Supplied records:

(* Let $K$ be a field, $0\le g\le[n/2]$ and $\lambda$ a partition of $n-2g$ with at most $m$ nonzero parts. Then $z_{g,\lambda}\mathbb B_n=z_{g,\lambda}K\mathfrak S_n$.
   Context: Setup: $m,n$ positive integers, $i'=2m+1-i$; $V$ a $K$-space with basis $v_1,\dots,v_{2m}$, skew form $\langle v_i,v_j\rangle=\langle v_{i'},v_{j'}\rangle=0$, $\langle v_i,v_{j'}\rangle=\delta_{ij}=-\langle v_{j'},v_i\rangle$ ($1\le i,j\le m$); $v_i^*=v_{i'}$ ($i\le m$), $v_i^*=-v_{i'}$ ($i>m$); $\alpha=\sum_{k=1}^{2m}v_k\otimes v_k^*$. $\mathbb B_n=\mathbb B_n(-2m)$ is the Brauer algebra with generators $s_i,e_i$; $K\mathfrak S_n$ is the subalgebra generated by the $s_i$; it acts on the right of $V^{\otimes n}$ by $(v_{i_1}\otimes\cdots\otimes v_{i_n})s_j=-(\cdots\otimes v_{i_{j+1}}\otimes v_{i_j}\otimes\cdots)$, $(v_{i_1}\otimes\cdots\otimes v_{i_n})e_j=-v_{i_1}\otimes\cdots\otimes v_{i_{j-1}}\otimes\alpha\otimes v_{i_{j+2}}\otimes\cdots$. Definition of $z_{g,\lambda}$ ($k=n-2g$): $v_\lambda=v_1^{\otimes\lambda_1}\otimes\cdots\otimes v_m^{\otimes\lambda_m}$; $\lambda'$ conjugate; $\mathfrak t^\lambda,\mathfrak t_\lambda$ the $\lambda$-tableaux filled with $1,\dots,k$ along rows, resp. down columns; $w_\lambda\in\mathfrak S_k$ with $\mathfrak t^\lambda w_\lambda=\mathfrak t_\lambda$ (right action on entries); $x_{\lambda'}=\sum_{w\in\mathfrak S_{\lambda'}}w$, $\mathfrak S_{\lambda'}$ the Young subgroup stabilizing $\{1,\dots,\lambda'_1\},\{\lambda'_1+1,\dots,\lambda'_1+\lambda'_2\},\dots$; $z_{g,\lambda}=\alpha^{\otimes g}\otimes(v_\lambda w_\lambda x_{\lambda'})$ with $\mathfrak S_k$ acting on $V^{\otimes k}$ via $\mathbb B_k$. *)

theory Defs
  imports "HOL-Combinatorics.Permutations"
begin
lemma component_subset_Union_graph_ball: "component w x \<subseteq> (\<Union>n. graph_ball w x n)"
proof
  fix y assume "y \<in> component w x"
  then have "(adj w)\<^sup>*\<^sup>* x y" by (simp add: component_def reachable_def)
  then show "y \<in> (\<Union>n. graph_ball w x n)"
  proof (induction rule: rtranclp_induct)
    case base
    have "x \<in> graph_ball w x 0" by simp
    then show ?case by (rule UN_I[OF UNIV_I])
  next
    case (step y z)
    then obtain n where "y \<in> graph_ball w x n" by blast
    then have "z \<in> graph_ball w x (Suc n)" using step(2) by (auto simp: neighbors_def)
    then show ?case by (rule UN_I[OF UNIV_I])
  qed
qed

locale lf_weighted_graph =
  fixes w :: "'a \<Rightarrow> 'a \<Rightarrow> real"
  assumes weighted_graph: "weighted_graph w"
    and locally_finite: "locally_finite w"
    and neighbors_nonempty: "\<And>x. neighbors w x \<noteq> {}"
begin

lemma w_sym: "w x y = w y x"
  using weighted_graph by (simp add: weighted_graph_def)

lemma finite_neighbors: "finite (neighbors w x)"
  using locally_finite by (simp add: locally_finite_def)

lemma mem_neighbors_iff: "y \<in> neighbors w x \<longleftrightarrow> 0 < w x y"
  by (simp add: neighbors_def adj_def)

lemma w_nonneg: "0 \<le> w x y"
  using weighted_graph by (simp add: weighted_graph_def)

lemma w_eq_0_if_not_neighbor: "y \<notin> neighbors w x \<Longrightarrow> w x y = 0"
  using w_nonneg[of x y] by (simp add: mem_neighbors_iff)

lemma deg_pos: "0 < deg w x"
  unfolding deg_def using finite_neighbors neighbors_nonempty
  by (intro sum_pos) (auto simp: mem_neighbors_iff)

lemma deg_neq_0: "deg w x \<noteq> 0"
  using deg_pos[of x] by simp

lemma laplacian_eq_comb_laplacian: "laplacian w f x = comb_laplacian w f x / deg w x"
  using deg_pos[of x] by (simp add: laplacian_def comb_laplacian_def field_simps)

lemma finite_graph_ball: "finite (graph_ball w x n)"
  by (induction n) (auto simp: finite_neighbors)

lemma reachable_sym: "reachable w x y \<Longrightarrow> reachable w y x"
  unfolding reachable_def
proof (induction rule: rtranclp_induct)
  case (step y z)
  then have "adj w z y" by (simp add: adj_def w_sym)
  then show ?case using step(3) by (rule converse_rtranclp_into_rtranclp)
qed simp

lemma component_neighbor:
  assumes "y \<in> neighbors w x"
  shows "component w y = component w x"
proof -
  have xy: "reachable w x y" using reachable_neighbor[OF reachable_refl assms] .
  show ?thesis
    unfolding component_def using reachable_trans[OF xy] reachable_trans[OF reachable_sym[OF xy]]
    by blast
qed

lemma neighbors_subset_component: "y \<in> component w x \<Longrightarrow> neighbors w y \<subseteq> component w x"
  by (auto simp: component_def intro: reachable_neighbor)
(* Let $\Sigma=\{0,1\}$. For any $D,T\in\mathbb N_+$ there exists $\mathcal F\subseteq\Sigma^{\Sigma^*}$ such that $\mathrm{VCdim}(\mathcal F)=D$ but $\mathrm{VCdim}(\mathcal F^{\mathrm{e2e}(T)})=T\cdot D$ over the domain $\Sigma^n$ with $n=\lceil\log_2(DT)\rceil+1$.
   Context: For $f:\Sigma^*\to\Sigma$, $\bar f(\mathbf x)$ is $\mathbf x$ with $f(\mathbf x)$ appended; $f^{\mathrm{CoT}(T)}=\bar f^{\circ T}$; $f^{\mathrm{e2e}(T)}(\mathbf x)$ is the last token of $f^{\mathrm{CoT}(T)}(\mathbf x)$; $\mathcal F^{\mathrm{e2e}(T)}=\{f^{\mathrm{e2e}(T)}:f\in\mathcal F\}$. $\mathrm{VCdim}$ is the VC dimension ($\mathrm{VCdim}(\mathcal F)$ over the domain $\Sigma^*$; $\mathrm{VCdim}(\mathcal F^{\mathrm{e2e}(T)})$ of the restriction to $\Sigma^n$). *)

theory Defs
  imports Complex_Main "HOL-Library.Extended_Nat"
begin

text \<open>Alphabet Sigma = {0,1} is modelled by bool; Sigma^* by bool list.
  A next-token predictor is f :: bool list \<Rightarrow> bool.\<close>

definition append_next :: "(bool list \<Rightarrow> bool) \<Rightarrow> bool list \<Rightarrow> bool list" where
  "append_next f x = x @ [f x]"

definition cot :: "nat \<Rightarrow> (bool list \<Rightarrow> bool) \<Rightarrow> bool list \<Rightarrow> bool list" where
  "cot T f = (append_next f ^^ T)"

Your goal:
Every line with the word "intro" in it should be copied from the listing above.

Result:
  by (intro sum_pos) (auto simp: mem_neighbors_iff)
  by (auto simp: component_def intro: reachable_neighbor)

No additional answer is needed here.